The bin into which the raw sugar is dumped holds enough sugar to keep the refinery supplied during the twenty-four hours run, but the entire quantity is “cut in” during the day. The advantages of this arrangement are that it avoids any delay in operation due to mechanical troubles with conveyors and because more efficient work is accomplished during the daylight hours. The employés prefer to work on the day shift and, wherever possible, night work is avoided.
From the bottom of the bin the sugar falls into a mixing machine, called the mingler. This is an oblong tank with a semi-cylindrical bottom, near which is a revolving horizontal shaft, with arms or paddles attached which thoroughly stir and mix the sugar with syrup that is added at this point. The reason for using syrup instead of water is that the former, being a saturated sugar solution, does not melt the sugar as water would.

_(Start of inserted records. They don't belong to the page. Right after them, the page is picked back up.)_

(* Let $I$ be a non-empty descent set with $s=s(I)$ and Naruse-Newton coefficients $(C_0,\ldots,C_s)$, and let $a,b$ be integers with $s\ge b>a\ge 0$. Then $\frac{C_a(I)}{C_b(I)}=\frac{a!}{b!}$ if and only if $w(I)\ge b$.
   Context: Partitions are drawn as Young diagrams $\mathbb{D}(\lambda)$ in English notation; $c_{i,j}$ is the cell in row $i$, column $j$; $\lambda'$ is the conjugate partition ($\lambda'_j$ = number of cells in column $j$). The hook length $h_\lambda(c)$ is the number of cells of $\mathbb{D}(\lambda)$ weakly right of $c$ in its row or weakly below $c$ in its column (counting $c$ once). For $\mu\subseteq\lambda$, an excited diagram of $\lambda/\mu$ is a subset of $\mathbb{D}(\lambda)$ obtained from $\mathbb{D}(\mu)$ by repeatedly replacing a cell $c_{i,j}\in D$ by $c_{i+1,j+1}$, allowed iff $c_{i+1,j+1}\in\mathbb{D}(\lambda)$ and none of $c_{i,j+1},c_{i+1,j},c_{i+1,j+1}$ lies in $D$; $\mathbb{E}(\lambda/\mu)$ is their set. A ribbon with $n$ cells is read from its lower-left to its upper-right cell, each successive cell directly right of or directly above the previous; it corresponds to the set of $i\in\{1,\ldots,n-1\}$ with cell $i$ directly below cell $i+1$. A descent set is a non-empty finite set $I$ of positive integers; $\lambda^I$ is the unique partition with $\lambda^I_1=\lambda^I_2$ such that the cells $c_{i,j}\in\mathbb{D}(\lambda^I)$ with fewer than three of $c_{i,j+1},c_{i+1,j},c_{i+1,j+1}$ in $\mathbb{D}(\lambda^I)$ form a ribbon corresponding to $I$; this ribbon is $\mathbb{D}(\lambda^I)\setminus\mathbb{D}(\mu^I)$ for a partition $\mu^I$. Let $s(I)=\lambda^I_1-1$. Naruse-Newton coefficients: every excited diagram of $\lambda^I/\mu^I$ meets row 1 in $\{c_{1,1},\ldots,c_{1,r}\}$, $0\le r\le s$; for $0\le j\le s(I)$, $C_j(I)=\sum_D\prod_{c\in D,\,c\notin\text{row }1}h_{\lambda^I}(c)$, summed over $D\in\mathbb{E}(\lambda^I/\mu^I)$ with exactly $s-j$ cells in row 1. $w(I)$ is the number of integers $j$ with $1\le j\le s(I)+1$ and $(\lambda^I)'_j=2$. *)

theory Defs
  imports Main "HOL.Real"
begin

text \<open>Cells are pairs (row, column), 1-indexed, English notation (rows increase downwards).
A partition is a weakly decreasing list of positive naturals.\<close>

type_synonym cell = "nat \<times> nat"

definition is_partition :: "nat list \<Rightarrow> bool" where
  "is_partition lam \<longleftrightarrow> sorted_wrt (\<ge>) lam \<and> 0 \<notin> set lam"

definition part :: "nat list \<Rightarrow> nat \<Rightarrow> nat" where
  "part lam i = (if 1 \<le> i \<and> i \<le> length lam then lam ! (i - 1) else 0)"

definition diagram :: "nat list \<Rightarrow> cell set" where
  "diagram lam = {(i, j). 1 \<le> i \<and> 1 \<le> j \<and> j \<le> part lam i}"

definition conj_part :: "nat list \<Rightarrow> nat \<Rightarrow> nat" where
  "conj_part lam j = card {i. (i, j) \<in> diagram lam}"

definition hook :: "nat list \<Rightarrow> cell \<Rightarrow> nat" where
  "hook lam c = card {d \<in> diagram lam.
      (fst d = fst c \<and> snd d \<ge> snd c) \<or> (snd d = snd c \<and> fst d \<ge> fst c)}"

inductive_set excited :: "nat list \<Rightarrow> nat list \<Rightarrow> cell set set"
  for lam mu where
  base: "diagram mu \<in> excited lam mu"
| move: "\<lbrakk> D \<in> excited lam mu; (i, j) \<in> D; (Suc i, Suc j) \<in> diagram lam;
          (i, Suc j) \<notin> D; (Suc i, j) \<notin> D; (Suc i, Suc j) \<notin> D \<rbrakk>
        \<Longrightarrow> insert (Suc i, Suc j) (D - {(i, j)}) \<in> excited lam mu"

definition ribbon_corr :: "cell set \<Rightarrow> nat set \<Rightarrow> bool" where
  "ribbon_corr S I \<longleftrightarrow> (\<exists>n f. n \<ge> 1 \<and> S = f ` {1..n} \<and>
      (\<forall>i\<in>{1..<n}. f (Suc i) = (fst (f i), Suc (snd (f i))) \<or>
                     (fst (f i) = Suc (fst (f (Suc i))) \<and> snd (f (Suc i)) = snd (f i))) \<and>
      I = {i \<in> {1..<n}. fst (f i) = Suc (fst (f (Suc i))) \<and> snd (f (Suc i)) = snd (f i)})"

definition outer_cells :: "nat list \<Rightarrow> cell set" where
  "outer_cells lam = {(i, j) \<in> diagram lam.
      \<not> ((i, Suc j) \<in> diagram lam \<and> (Suc i, j) \<in> diagram lam \<and> (Suc i, Suc j) \<in> diagram lam)}"

definition lamI :: "nat set \<Rightarrow> nat list" where
  "lamI I = (THE lam. is_partition lam \<and> part lam 1 = part lam 2 \<and>
                      ribbon_corr (outer_cells lam) I)"

definition muI :: "nat set \<Rightarrow> nat list" where
  "muI I = (THE mu. is_partition mu \<and>
                    diagram mu = diagram (lamI I) - outer_cells (lamI I))"

definition sI :: "nat set \<Rightarrow> nat" where
  "sI I = part (lamI I) 1 - 1"

definition NN_coeff :: "nat set \<Rightarrow> nat \<Rightarrow> nat" where
  "NN_coeff I j = (\<Sum>D \<in> {D \<in> excited (lamI I) (muI I).
                              card {c \<in> D. fst c = 1} = sI I - j}.
                     \<Prod>c \<in> {c \<in> D. fst c \<noteq> 1}. hook (lamI I) c)"

definition wI :: "nat set \<Rightarrow> nat" where
  "wI I = card {j. 1 \<le> j \<and> j \<le> sI I + 1 \<and> conj_part (lamI I) j = 2}"

end

theory Submission
  imports Defs
begin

The resultant mixture, called magma, looks a good deal like a soft, brown mortar. It is, in fact, raw-sugar crystals swimming in syrup. This consistency is needed to allow the magma to work freely in the centrifugals, the next operation. Most of the impurities contained in raw sugar are superficial, that is, adhering to the outside of the grain. They may be more or less readily removed by washing the surfaces of the crystals with water.

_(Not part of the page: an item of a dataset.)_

(* Assume every $f_i$ ($i=1,\dots,q$) is Lipschitz continuous with respect to the continuous variables, and consider the bound-constrained problem (PB): minimize $F(x)=(f_1(x),\dots,f_q(x))^\top$ subject to $x\in X\cap\mathcal Z$. If $x^\star\in X\cap\mathcal Z$ is Pareto-Clarke-Jahn stationary w.r.t. the continuous variables for (PB), then $x^\star$ is Pareto-Clarke stationary w.r.t. the continuous variables for (PB).
   Context: Fix integers $n,q\ge1$. Let $\{1,\dots,n\}=I^c\cup I^z$ with $I^c\cap I^z=\emptyset$ and $I^c,I^z\neq\emptyset$; for $x\in\mathbb R^n$ write $x_c=(x_i)_{i\in I^c}$, $x_z=(x_i)_{i\in I^z}$. Let $l,u\in\mathbb R^n$ with $l_i<u_i$, and $l_i,u_i\in\mathbb Z$ for $i\in I^z$. $X=\{x: l_i\le x_i\le u_i\ \forall i\}$, $\mathcal Z=\{x: x_i\in\mathbb Z\ \forall i\in I^z\}$. A function $h:\mathbb R^n\to\mathbb R$ is Lipschitz continuous with respect to the continuous variables if there is $L_h$ with $|h(x)-h(y)|\le L_h\|x-y\|$ whenever $x_i=y_i$ for all $i\in I^z$. For such $h$ and $s\in\mathbb R^n$ with $s_i=0$ ($i\in I^z$): $h^{Cl}_c(x;s)=\limsup_{y_c\to x_c,\ y_z=x_z,\ t\downarrow0}\frac{h(y+ts)-h(y)}{t}$, and $\partial_c h(x)=\{v\in\mathbb R^n: v_i=0\ \forall i\in I^z,\ h^{Cl}_c(x;s)\ge s^\top v\ \forall s \text{ with } s_i=0\ \forall i\in I^z\}$. For $x\in X\cap\mathcal Z$ and $d\in D^c(x)$, the Clarke-Jahn generalized directional derivative is $h^\circ_c(x;d)=\limsup\frac{h(y+td)-h(y)}{t}$, the limsup taken over $y_c\to x_c$, $y_z=x_z$, $y\in X\cap\mathcal Z$, $t\downarrow0$, $y+td\in X\cap\mathcal Z$. For $x\in X\cap\mathcal Z$, $D^c(x)=\{s\in\mathbb R^n: s_i=0\ (i\in I^z);\ s_i\ge 0\ (i\in I^c,\ x_i=l_i);\ s_i\le 0\ (i\in I^c,\ x_i=u_i);\ s_i\in\mathbb R\ (i\in I^c,\ l_i<x_i<u_i)\}$. A point $x^\star\in X\cap\mathcal Z$ is Pareto-Clarke-Jahn stationary w.r.t. the continuous variables for (PB) if for every $d\in D^c(x^\star)$ there is $j_d\in\{1,\dots,q\}$ with $(f_{j_d})^\circ_c(x^\star;d)\ge0$. It is Pareto-Clarke stationary w.r.t. the continuous variables for (PB) if there exist $\sigma\in\mathbb R^q$, $\sigma\ge0$ componentwise, $\sigma\ne0$, and $\bar\xi\in\sum_{i=1}^q\sigma_i\partial_c f_i(x^\star)$ (Minkowski sum) with $\bar\xi^\top d\ge0$ for all $d\in D^c(x^\star)$. *)

theory Defs
  imports "HOL-Analysis.Analysis" "HOL-Library.Liminf_Limsup"
begin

From the mingler the magma drops to the floor below into centrifugal machines running at the rate of 1100 revolutions per minute. A “charge” consists of about nine hundred pounds of magma. As the machine fills, the centrifugal force causes the magma to rise in a vertical wall around the inside circumference of the basket, at the same time throwing off the syrup that was added on the floor above, and leaving in the machine about five hundred pounds of the raw sugar as it came from the plantation. Water is then sprayed into the machine under high pressure, through a nozzle which divides it into very fine particles and throws it against the wall of sugar in the machine. The water, passing through the sugar by the centrifugal force, washes each face of each crystal and carries off the impurities, together with a certain amount of sugar. The quantity of water used per machine in each filling is from one to two and a half gallons, depending upon the quality of the sugar.

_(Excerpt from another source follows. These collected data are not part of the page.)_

definition psd :: "real^'n^'n \<Rightarrow> bool" where
  "psd A \<longleftrightarrow> symmetric_mat A \<and> (\<forall>x. 0 \<le> x \<bullet> (A *v x))"

definition pd :: "real^'n^'n \<Rightarrow> bool" where
  "pd A \<longleftrightarrow> symmetric_mat A \<and> (\<forall>x. x \<noteq> 0 \<longrightarrow> 0 < x \<bullet> (A *v x))"

definition loewner_le :: "real^'n^'n \<Rightarrow> real^'n^'n \<Rightarrow> bool" where
  "loewner_le S1 S2 \<longleftrightarrow> psd (S2 - S1)"

definition is_eigenvalue :: "real^'n^'n \<Rightarrow> real \<Rightarrow> bool" where
  "is_eigenvalue A l \<longleftrightarrow> (\<exists>v. v \<noteq> 0 \<and> A *v v = l *\<^sub>R v)"

definition rho :: "real^'n^'n \<Rightarrow> real" where
  "rho A = Max {l. is_eigenvalue A l}"

end

(*
  Everything in sight is a function of the symmetric matrix A = I - \<alpha>B: with s(l) = \<Sum>t<T. l^t
  one has C = s(A), M = A^T / s(A) and N = (1 - A^T) / (\<alpha> s(A)).  The eigenvalues of A lie in
  [1 - \<alpha> \<rho>(B), 1], a subinterval of (0, 1], and the claims reduce to scalar inequalities for
  l^T / s(l) on that interval: it is positive, increasing in l, and at most 1/T.  To transfer scalar
  bounds to matrices we use a small spectral calculus.  Q "is q(A)" if Q v = q(l) v for every
  eigenpair (l, v) of A; since the eigenvectors of a symmetric matrix span the space, such a Q is
  symmetric and commutes with A, and the minimum of its quadratic form on the unit sphere is an
  eigenvalue of Q whose eigenspace is A-invariant, hence equal to q(l) for an eigenvalue l of A.
*)

theory Submission
  imports Defs
begin

lemma linear_coeff_zero_if_quadratic_nonneg:
  fixes b c :: real
  assumes "\<And>t. 0 \<le> b * t + c * t\<^sup>2"
  shows "b = 0"
proof -
  define k where "k = \<bar>c\<bar> + 1"
  have k: "k > 0" by (simp add: k_def add_pos_nonneg)
  have "0 \<le> b * (- b / k) + c * (b / k)\<^sup>2" using assms[of "- b / k"] by simp
  also have "\<dots> \<le> b * (- b / k) + \<bar>c\<bar> * (b / k)\<^sup>2"
    by (simp add: mult_right_mono)
  also have "\<dots> = (b / k)\<^sup>2 * (\<bar>c\<bar> - k)"
    using k by (simp add: power2_eq_square field_simps)
  also have "\<dots> = - (b / k)\<^sup>2"
    by (simp add: k_def)
  finally show ?thesis using k by simp
qed

lemma symmetric_mat_inner:
  assumes "symmetric_mat A"
  shows "x \<bullet> (A *v y) = (A *v x) \<bullet> y"
  by (metis assms dot_lmul_matrix symmetric_mat_def transpose_matrix_vector)

lemma symmetric_mat_diff:
  "symmetric_mat A \<Longrightarrow> symmetric_mat B \<Longrightarrow> symmetric_mat (A - B)"
  by (simp add: symmetric_mat_def transpose_def vec_eq_iff)

lemma symmetric_mat_id: "symmetric_mat (mat 1)"
  by (simp add: symmetric_mat_def)

lemma symmetric_mat_scaleR: "symmetric_mat A \<Longrightarrow> symmetric_mat (c *\<^sub>R A)"
  by (simp add: symmetric_mat_def transpose_scalar)

lemma nonneg_form_zero_imp_kernel:
  fixes P :: "real^'n^'n"
  assumes "symmetric_mat P" and "subspace V" and invariant: "\<And>x. x \<in> V \<Longrightarrow> P *v x \<in> V"
    and nonneg: "\<And>x. x \<in> V \<Longrightarrow> 0 \<le> x \<bullet> (P *v x)"
    and "u \<in> V" and "u \<bullet> (P *v u) = 0"
  shows "P *v u = 0"
proof -
  define y where "y = P *v u"
  have "0 \<le> 2 * (y \<bullet> y) * t + (y \<bullet> (P *v y)) * t\<^sup>2" for t
  proof -
    have "u + t *\<^sub>R y \<in> V"
      using assms invariant by (simp add: y_def subspace_add subspace_scale)
    then have "0 \<le> (u + t *\<^sub>R y) \<bullet> (P *v (u + t *\<^sub>R y))" by (rule nonneg)
    also have "\<dots> = u \<bullet> (P *v u) + t * (u \<bullet> (P *v y)) + t * (y \<bullet> (P *v u)) + t\<^sup>2 * (y \<bullet> (P *v y))"
      by (simp add: matrix_vector_right_distrib matrix_vector_mult_scaleR inner_add_left
          inner_add_right power2_eq_square algebra_simps)
    also have "\<dots> = 2 * (y \<bullet> y) * t + (y \<bullet> (P *v y)) * t\<^sup>2"
      using assms(6) symmetric_mat_inner[OF assms(1), of u y] by (simp add: y_def)
    finally show ?thesis .
  qed
  then have "2 * (y \<bullet> y) = 0" by (rule linear_coeff_zero_if_quadratic_nonneg)
  then show ?thesis by (simp add: y_def)
qed

lemma quadratic_form_attains_min:
  fixes A :: "real^'n^'n"
  assumes "subspace V" and "V \<noteq> {0}"
  obtains u where "u \<in> V" "norm u = 1" "\<And>x. x \<in> V \<Longrightarrow> (u \<bullet> (A *v u)) * (x \<bullet> x) \<le> x \<bullet> (A *v x)"
proof -
  let ?S = "V \<inter> sphere 0 1"
  obtain w where w: "w \<in> V" "w \<noteq> 0" using assms subspace_0 by blast
  have cS: "compact ?S" by (intro closed_Int_compact closed_subspace assms compact_sphere)
  have "w /\<^sub>R norm w \<in> ?S" using w assms by (simp add: subspace_scale)
  then have ne: "?S \<noteq> {}" by blast
  have ct: "continuous_on ?S (\<lambda>x. x \<bullet> (A *v x))"
    by (intro continuous_on_inner continuous_on_id
        matrix_vector_mult_linear_continuous_on[unfolded comp_def])
  obtain u where u: "u \<in> ?S" and umin: "\<And>y. y \<in> ?S \<Longrightarrow> u \<bullet> (A *v u) \<le> y \<bullet> (A *v y)"
    using continuous_attains_inf[OF cS ne ct] by blast
  show ?thesis
  proof (rule that)
    show "u \<in> V" "norm u = 1" using u by auto
  next
    fix x assume "x \<in> V"
    show "(u \<bullet> (A *v u)) * (x \<bullet> x) \<le> x \<bullet> (A *v x)"
    proof (cases "x = 0")
      case False
      have "x /\<^sub>R norm x \<in> ?S" using \<open>x \<in> V\<close> False assms by (simp add: subspace_scale)
      then have "u \<bullet> (A *v u) \<le> (x /\<^sub>R norm x) \<bullet> (A *v (x /\<^sub>R norm x))" by (rule umin)
      also have "\<dots> = (x \<bullet> (A *v x)) / (norm x)\<^sup>2"
        by (simp add: matrix_vector_mult_scaleR power2_eq_square divide_inverse)
      finally show ?thesis using False by (simp add: pos_le_divide_eq power2_norm_eq_inner)
    qed simp
  qed
qed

This water, now a syrup, with the impurities and sugar it contains, is drawn from the machine, part of it being pumped to the floor above to mix with new raw sugar coming in. The remainder is treated, filtered, boiled and made into raw sugar, which, in turn, goes direct to the melt or through the washing process again. The result of this washing is that the purity of Hawaiian raw sugar is raised from about 97.2 to 99.2 per cent, and there now remains but 0.8 per cent of impurities to be removed.
The washed sugar is dropped from the centrifugal basket through a large opening in the bottom of the machine with the aid of a mechanical device called a discharger, which greatly reduces the manual labor.
Until very recently the sugar was discharged from the centrifugals by hand, the men digging it out with wooden paddles in a difficult, laborious way. One day, a few years ago, a clear-brained, observant American lad working in a beet-sugar factory, conceived the idea that a centrifugal could be emptied by mechanical means. He worked long and assiduously upon the problem, and after much experimenting and many trials and disappointments was granted a patent by the United States government. Full of hope and confidence, he had several machines constructed and took them to a sugar refiner, sure of being favorably received. He met with rebuff and ridicule. The refinery engineer was too busy with other matters to examine or give any attention to the appliance. The next man to whom he presented it was even more indifferent than the first; he coldly informed the patentee that he had been in the sugar business for thirty years, that no such machine would work, and that the only way to take sugar out of a centrifugal was by hand.
After months of effort and repeated failures, he induced the superintendent of a beet-sugar factory to allow him to install and test the device at his own expense. It was thrown out after a few days’ trial, and the inventor became well-nigh desperate, although still positive as to the merits of his discharger.